- [EXERCISE GOAL]: Starting at the line that contains "(infixr \<open>*\<^sub>C\<close> 75)" and ending at the line that contains "class complex_inner = complex_vector", the lines below are to be given again exactly, with nothing added.

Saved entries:
(* Let $\mathcal H$ be a complex Hilbert space, $A, B$ bounded self-adjoint operators on $\mathcal H$ and $C$ a bounded operator on $\mathcal H$. Let $M$ be a closed subspace of $\mathcal H$ invariant for $A$, $B$ and $C$, such that $\sigma(A|_{M^\perp}) \cap \sigma(B|_M) = \emptyset$ and $B|_M$ is a compact operator on $M$. If $D$ is a bounded operator on $\mathcal H$ with $AD - DB = C$, then $M$ is invariant for $D$.
   Context: $\sigma(\cdot)$ denotes the spectrum and $M^\perp$ the orthogonal complement of $M$. *)

theory Defs
  imports "HOL-Analysis.Analysis"
begin

text \<open>The distribution has no complex inner product spaces, so we introduce them here.
  Convention: the inner product is conjugate-linear in the first and linear in the second
  argument.\<close>

class complex_vector = real_vector +
  fixes scaleC :: "complex \<Rightarrow> 'a \<Rightarrow> 'a" (infixr \<open>*\<^sub>C\<close> 75)
  assumes scaleC_add_right: "scaleC a (x + y) = scaleC a x + scaleC a y"
    and scaleC_add_left: "scaleC (a + b) x = scaleC a x + scaleC b x"
    and scaleC_scaleC: "scaleC a (scaleC b x) = scaleC (a * b) x"
    and scaleC_one: "scaleC 1 x = x"
    and scaleR_scaleC: "scaleR r x = scaleC (complex_of_real r) x"

class complex_inner = complex_vector + real_normed_vector +
  fixes cinner :: "'a \<Rightarrow> 'a \<Rightarrow> complex"
  assumes cinner_commute: "cinner x y = cnj (cinner y x)"
    and cinner_add_left: "cinner (x + y) z = cinner x z + cinner y z"
    and cinner_scaleC_left: "cinner (scaleC r x) y = cnj r * cinner x y"
    and cinner_self_real: "Im (cinner x x) = 0"
    and cinner_self_nonneg: "0 \<le> Re (cinner x x)"
    and cinner_self_eq_zero: "cinner x x = 0 \<longleftrightarrow> x = 0"
    and norm_eq_sqrt_cinner: "norm x = sqrt (Re (cinner x x))"

class chilbert_space = complex_inner + complete_space

instantiation complex :: complex_vector
begin
definition scaleC_complex :: "complex \<Rightarrow> complex \<Rightarrow> complex" where
  "scaleC_complex a x = a * x"
instance
  by standard (simp_all add: scaleC_complex_def algebra_simps scaleR_conv_of_real)
end

instantiation complex :: complex_inner
begin
definition cinner_complex :: "complex \<Rightarrow> complex \<Rightarrow> complex" where
  "cinner_complex x y = cnj x * y"
instance
proof
  fix x y z :: complex and r :: complex
  show "cinner x y = cnj (cinner y x)" by (simp add: cinner_complex_def mult.commute)
  show "cinner (x + y) z = cinner x z + cinner y z" by (simp add: cinner_complex_def algebra_simps)
  show "cinner (r *\<^sub>C x) y = cnj r * cinner x y" by (simp add: cinner_complex_def scaleC_complex_def)
  show "Im (cinner x x) = 0" by (simp add: cinner_complex_def)
  show "0 \<le> Re (cinner x x)" by (simp add: cinner_complex_def)
  show "cinner x x = 0 \<longleftrightarrow> x = 0" by (simp add: cinner_complex_def)
  show "norm x = sqrt (Re (cinner x x))" by (simp add: cinner_complex_def cmod_def power2_eq_square)
qed
end

instance complex :: chilbert_space ..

- [RESULT FOR THIS TASK]:
  fixes scaleC :: "complex \<Rightarrow> 'a \<Rightarrow> 'a" (infixr \<open>*\<^sub>C\<close> 75)
  assumes scaleC_add_right: "scaleC a (x + y) = scaleC a x + scaleC a y"
    and scaleC_add_left: "scaleC (a + b) x = scaleC a x + scaleC b x"
    and scaleC_scaleC: "scaleC a (scaleC b x) = scaleC (a * b) x"
    and scaleC_one: "scaleC 1 x = x"
    and scaleR_scaleC: "scaleR r x = scaleC (complex_of_real r) x"

class complex_inner = complex_vector + real_normed_vector +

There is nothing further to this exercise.